Immunotherapy, which focuses on enhancing patients’ immune response to eliminate tumor cells, has gained prominence in cancer research. Natural killer (NK) cells are particularly noteworthy for their ability to directly identify and eliminate tumor cells [28]. NK cell-based immunotherapies are attracting increasing interest in the field of cancer treatment. Actually, NK cells have proven an effective cancer immunotherapy tool, and NK cell therapy has entered phase I/II clinical trials [29]. Recent developments have greatly increased the therapeutic potential of NK cells by providing them with enhanced recognition and cytotoxic capacities. Therefore, the aim of the present study is to investigate the potential effects of SCFAs, acetate, propionate, and butyrate on antitumor NK cell activity.

2. Material and Methods

2.1. Cell Lines

NK-92 cells are a highly cytotoxic, IL-2-dependent, and CD16-negative cell line that was first isolated from a 50-year-old patient with rapidly progressive non-Hodgkin’s lymphoma and is currently used as an immortalized cell model for NKs [30]. The NK-92 cell line RRID:CVCL_2142 was generously donated by Dr Julián Pardo (Centro de Investigación Biomédica de Aragón, Zaragoza, Spain). The NK-92 cells were cultured in an α-MEM (Minimal Essential Medium) containing 12.5% FBS (fetal bovine serum), 12.5% HS (horse serum), 1% glutamax, and 1% antibiotics (penicillin 100 U/mL and streptomycin 100 μg/mL).

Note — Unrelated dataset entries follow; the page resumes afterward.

section \<open>Negative traces\<close>

lemma proots_prod_linear: "proots (\<Prod>a\<leftarrow>xs. [:- a, 1:]) = mset (xs :: complex list)"
proof (induction xs)
  case Nil
  then show ?case by simp
next
  case (Cons x xs)
  have "(\<Prod>a\<leftarrow>xs. [:- a, 1:]) \<noteq> 0" by (auto simp: prod_list_zero_iff)
  moreover have "[:- x, 1:] \<noteq> (0 :: complex poly)" by simp
  moreover have "(\<Prod>a\<leftarrow>x # xs. [:- a, 1:]) = [:- x, 1:] * (\<Prod>a\<leftarrow>xs. [:- a, 1:])" by simp
  ultimately have "proots (\<Prod>a\<leftarrow>x # xs. [:- a, 1:]) = proots [:- x, 1:] + proots (\<Prod>a\<leftarrow>xs. [:- a, 1:])"
    by (metis proots_mult)
  then show ?case using Cons by (simp add: proots_linear_factor)
qed

lemma neg_trace_unitary_diagonal:
  fixes A U :: "complex mat"
  assumes A: "A \<in> carrier_mat n n" and U: "unitary n U" and diag: "diagonal_mat (mat_adjoint U * A * U)"
  shows "neg_trace A = (\<Sum>i<n. min (Re ((mat_adjoint U * A * U) $$ (i, i))) 0)"
proof -
  define D where "D = mat_adjoint U * A * U"
  have Uc: "U \<in> carrier_mat n n" using U by (rule unitary_carrier)
  have U': "mat_adjoint U \<in> carrier_mat n n" using Uc by simp
  have D: "D \<in> carrier_mat n n" unfolding D_def by (rule adjoint_mult_mult_carrier[OF Uc A])
  have UU': "U * mat_adjoint U = 1\<^sub>m n" by (rule unitary_mult_adjoint[OF U])
  have "U * D * mat_adjoint U = (U * mat_adjoint U) * A * (U * mat_adjoint U)"
    unfolding D_def using mat_mult_regroup[OF Uc U' A Uc U'] by simp
  then have "A = U * D * mat_adjoint U" using UU' A by simp
  then have "similar_mat_wit A D U (mat_adjoint U)"
    unfolding similar_mat_wit_def Let_def using A D Uc U' UU' U
    by (auto simp: unitary_def simp del: assoc_mult_mat)
  then have "similar_mat A D" unfolding similar_mat_def by blast
  moreover have "upper_triangular D"
    using diag D unfolding D_def upper_triangular_def diagonal_mat_def by auto
  ultimately have "char_poly A = (\<Prod>a\<leftarrow>diag_mat D. [:- a, 1:])"
    using char_poly_similar char_poly_upper_triangular[OF D] by metis
  then have "proots (char_poly A) = mset (diag_mat D)" by (simp add: proots_prod_linear)
  then have "neg_trace A = sum_list (map (\<lambda>z. min (Re z) 0) (diag_mat D))"
    unfolding neg_trace_def by (simp only: mset_map[symmetric] sum_mset_sum_list)
  also have "\<dots> = (\<Sum>i<n. min (Re (D $$ (i, i))) 0)"
    unfolding diag_mat_def using D by (simp add: sum_list_distinct_conv_sum_set atLeast0LessThan)
  finally show ?thesis unfolding D_def .
qed

definition quad_form :: "nat \<Rightarrow> complex mat \<Rightarrow> (nat \<Rightarrow> complex) \<Rightarrow> complex" where
  "quad_form n A u = (\<Sum>x<n. \<Sum>y<n. cnj (u x) * A $$ (x, y) * u y)"

lemma quad_form_col:
  assumes "A \<in> carrier_mat n n" "X \<in> carrier_mat n m" "i < m"
  shows "quad_form n A (\<lambda>k. X $$ (k, i)) = (mat_adjoint X * A * X) $$ (i, i)"
  unfolding quad_form_def using index_adjoint_mult_mult[OF assms(2,1,3,3)] by simp

lemma Re_cnj_mult_real_mult: "Im r = 0 \<Longrightarrow> Re (cnj z * r * z) = Re r * (cmod z)\<^sup>2"
  by (cases z; cases r) (simp add: cmod_def power2_eq_square algebra_simps)

lemma Re_index_adjoint_mult_diagonal:
  fixes C E :: "complex mat"
  assumes C: "C \<in> carrier_mat n m" and E: "E \<in> carrier_mat n n" "diagonal_mat E"
    and E_real: "\<And>k. k < n \<Longrightarrow> Im (E $$ (k, k)) = 0" and i: "i < m"
  shows "Re ((mat_adjoint C * E * C) $$ (i, i)) = (\<Sum>k<n. Re (E $$ (k, k)) * (cmod (C $$ (k, i)))\<^sup>2)"
proof -
  have "(mat_adjoint C * E * C) $$ (i, i) = (\<Sum>k<n. \<Sum>l<n. cnj (C $$ (k, i)) * E $$ (k, l) * C $$ (l, i))"
    by (rule index_adjoint_mult_mult[OF C E(1) i i])
  also have "\<dots> = (\<Sum>k<n. cnj (C $$ (k, i)) * E $$ (k, k) * C $$ (k, i))"
  proof (rule sum.cong[OF refl])
    fix k assume k: "k \<in> {..<n}"
    have "(\<Sum>l<n. cnj (C $$ (k, i)) * E $$ (k, l) * C $$ (l, i))
        = (\<Sum>l\<in>{k}. cnj (C $$ (k, i)) * E $$ (k, l) * C $$ (l, i))"
      by (rule sum.mono_neutral_right) (use k E in \<open>auto simp: diagonal_mat_def\<close>)
    then show "(\<Sum>l<n. cnj (C $$ (k, i)) * E $$ (k, l) * C $$ (l, i))
        = cnj (C $$ (k, i)) * E $$ (k, k) * C $$ (k, i)" by simp
  qed
  finally have "Re ((mat_adjoint C * E * C) $$ (i, i))
      = (\<Sum>k<n. Re (cnj (C $$ (k, i)) * E $$ (k, k) * C $$ (k, i)))" by (simp only: Re_sum)
  also have "\<dots> = (\<Sum>k<n. Re (E $$ (k, k)) * (cmod (C $$ (k, i)))\<^sup>2)"
    using E_real by (intro sum.cong refl Re_cnj_mult_real_mult) auto
  finally show ?thesis .
qed

lemma Re_quad_form_eigenbasis:
  fixes M W X :: "complex mat"
  assumes M: "M \<in> carrier_mat n n" "hermitian M" and W: "unitary n W"
    and diag: "diagonal_mat (mat_adjoint W * M * W)" and X: "X \<in> carrier_mat n n" and i: "i < n"
  shows "Re (quad_form n M (\<lambda>k. X $$ (k, i)))
    = (\<Sum>k<n. Re ((mat_adjoint W * M * W) $$ (k, k)) * (cmod ((mat_adjoint W * X) $$ (k, i)))\<^sup>2)"
proof -
  define E where "E = mat_adjoint W * M * W"
  have Wc: "W \<in> carrier_mat n n" using W by (rule unitary_carrier)
  have W': "mat_adjoint W \<in> carrier_mat n n" and X': "mat_adjoint X \<in> carrier_mat n n"
    using Wc X by simp_all
  have E: "E \<in> carrier_mat n n" unfolding E_def by (rule adjoint_mult_mult_carrier[OF Wc M(1)])
  have E_real: "Im (E $$ (k, k)) = 0" if "k < n" for k
    using hermitian_diag_real[OF E _ that] hermitian_adjoint_mult_mult[OF Wc M] unfolding E_def by simp
  have "W * E * mat_adjoint W = (W * mat_adjoint W) * M * (W * mat_adjoint W)"
    unfolding E_def using mat_mult_regroup[OF Wc W' M(1) Wc W'] by simp
  then have M_eq: "M = W * E * mat_adjoint W" using unitary_mult_adjoint[OF W] M(1) by simp
  have "mat_adjoint (mat_adjoint W * X) * E * (mat_adjoint W * X) = mat_adjoint X * (W * E * mat_adjoint W) * X"
    unfolding mat_adjoint_mult[OF W' X] mat_adjoint_mat_adjoint
    by (rule mat_mult_regroup[OF X' Wc E W' X])
  then have "mat_adjoint X * M * X = mat_adjoint (mat_adjoint W * X) * E * (mat_adjoint W * X)"
    using M_eq by simp
  then show ?thesis
    using quad_form_col[OF M(1) X i] diag E_real W' X
      Re_index_adjoint_mult_diagonal[of "mat_adjoint W * X" n n E i] E i
    unfolding E_def by simp
qed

In addition, 25 IU/mL of the IL-2 was added to the cell culture medium. For cultivation, this cell line was diluted 1/3 every 48 h to maintain the cells between 2 and 6 × 105 cells/mL.
MM.1S cells (RRID:CVCL_8792) are a cell model of multiple myeloma and were purchased from ATCC (CRL-2974). This cell line originated from the MM.1 cell line obtained in 1986 from the peripheral blood of a 42-year-old woman [31]. RPMI 1640 GlutaMAXTM medium supplemented with 10% FBS and 1% antibiotics (penicillin 100 U/mL and streptomycin 100 μg/mL) was used for the cell culture. Subcultures were performed every 72 h at a density of 2 × 105 cells/mL. All reagents were provided by Life Technologies (Paisley, UK).

2.2. Cell Proliferation

An MTT assay was used to measure cellular metabolic activity as an indicator of cell proliferation [32]. A total of 1.5 × 105 NK-92 cells/mL were seeded and treated with 10 μM acetate, 2 μM butyrate, or 2 μM propionate for 48 h. After treatment, the cells were incubated with 15 μL of the MTT for 2 h and then centrifuged. In addition, 100 μL of acidified isopropanol was added to dissolve the formazan crystals. The absorbance was measured at 550 nm with a spectrophotometer. The results are expressed as percentages of the control.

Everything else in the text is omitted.